If a dollar can only buy one widget from Pittsburg, but two from Ontario, the path to abundant widgets for America is obviously through Canada.  If we slapped a dollar tariff on Canadian widgets to “level the playing field,” then we have just cut our own country’s available supply per dollar by half.  It’s a perfect way to create scarcity from abundance.

Similarly, by imposing a tariff on Canadian steel (by far our biggest foreign supplier), the price of steel for Americans rises, and with it, the price of everything from cans to cars.   

To the protectionists, this is a small price to pay for “saving” American steel jobs.  Yet, as Bastiat reminds us, the unseen is just as important as the seen.  We see the American steel jobs preserved by ridding them of international competition.  What we don’t see as clearly are the jobs soon to disappear in every American industry that uses steel, as demand for their products declines in response to higher prices.  Every producer in a society is also a consumer.  No consumer benefits from higher prices and no producer benefits from scarcer materials.

This has been the consistent experience of every nation that has succumbed to the sophistries of protectionism.  Thomas Jefferson thought that high tariffs could fund the government and promote domestic manufacturing.  The result was a devastating recession that nearly destroyed our fledgling economy.  Herbert Hoover responded to the recession of 1929 with the Smoot-Hawley Tariff Act.  It didn’t end well.

All trade is the exchange of goods, and both parties must benefit if the trade is to happen.  If I pay you a dollar for a cup of coffee, I’m telling you that your coffee is worth more to me than my dollar, and you’re telling me that my dollar is worth more to you than your coffee.  We both take away something of greater value than we had. 

Now suppose someone slaps a dollar tariff on that cup of coffee.  I end up buying less coffee, or less of other products to afford the higher price or switching to tea.

True, some governments subsidize their exports, undercutting their unsubsidized domestic competitors.  But how does it harm our overall economy if other countries are willing to help pay for the stuff we buy?  As Milton Friedman observed, that’s simply foreign aid to American factories and consumers, paid for by the unfortunate taxpayers in the exporting countries.  Thank you.

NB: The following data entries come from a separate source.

(* Let $R$ be an integral domain satisfying the irreducible intersection property, and let $p,q$ be prime ideals of $R$. Regarding $R_p$ and $R_q$ as subrings of $\mathrm{Frac}(R)$, the join $[R_p,R_q]$ is a local ring.
   Context: All rings are commutative with $1$. A ring $R$ satisfies the irreducible intersection property if for any prime ideals $p_1,p_2\subset R$, either $p_1+p_2=R$ or $p_1+p_2$ is a prime ideal. For subrings $A,B$ of a ring $K$, the join $[A,B]$ is the smallest subring of $K$ containing both $A$ and $B$. *)

theory Defs
  imports "HOL-Computational_Algebra.Fraction_Field"
begin

definition is_ideal :: "'a::comm_ring_1 set \<Rightarrow> bool" where
  "is_ideal I \<longleftrightarrow> 0 \<in> I \<and> (\<forall>x\<in>I. \<forall>y\<in>I. x + y \<in> I) \<and> (\<forall>r. \<forall>x\<in>I. r * x \<in> I)"

definition prime_ideal :: "'a::comm_ring_1 set \<Rightarrow> bool" where
  "prime_ideal P \<longleftrightarrow> is_ideal P \<and> P \<noteq> UNIV \<and> (\<forall>a b. a * b \<in> P \<longrightarrow> a \<in> P \<or> b \<in> P)"

definition ideal_sum :: "'a::comm_ring_1 set \<Rightarrow> 'a set \<Rightarrow> 'a set" where
  "ideal_sum I J = {x + y | x y. x \<in> I \<and> y \<in> J}"

definition irreducible_intersection_property :: "'a::comm_ring_1 itself \<Rightarrow> bool" where
  "irreducible_intersection_property _ \<longleftrightarrow>
     (\<forall>p1 p2 :: 'a set. prime_ideal p1 \<and> prime_ideal p2 \<longrightarrow>
        ideal_sum p1 p2 = UNIV \<or> prime_ideal (ideal_sum p1 p2))"

definition is_subring :: "'b::comm_ring_1 set \<Rightarrow> bool" where
  "is_subring S \<longleftrightarrow> 0 \<in> S \<and> 1 \<in> S \<and> (\<forall>x\<in>S. \<forall>y\<in>S. x + y \<in> S \<and> x - y \<in> S \<and> x * y \<in> S)"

We will lose some of the 140,000 American jobs that produce steel.  But the other 6.5 million Americans who manufacture products using steel can make more of their products, causing their producers to hire more workers and to pay them more.  Jobs disappear in the steel mills but reappear as better jobs in industries that can now obtain more steel at lower prices. 

Writing 150 years ago, Bastiat asked the question we still hear today: “What shall we do in case of war, if we have placed ourselves at the mercy of Great Britain for iron and coal?”  He answered, “This sort of dependence which results from exchange…is a reciprocal dependence.  We cannot depend on the foreigner unless the foreigner depends on us.”  If war clouds should gather between Canada and the United States, we may face the prospect of losing cheap Canadian steel, but Canada would face the loss of cheap American resources and products that their steel exports buy.  Trade reduces the risk of war because it increases the value of peace.    

Bastiat noted how much we invest in ports and harbors, railroads and highways, all for the sole purpose of surmounting the obstacles that nature has placed in our ability to trade.  What sense does it make to erect artificial barriers to replace the natural barriers we have overcome?

By that same token, President Trump has set the stage for rapid economic expansion by reducing the tax and regulatory burdens that were crushing our economy, and the economy is responding.  What sense does it make to replace the taxes and regulations we have shed with new ones?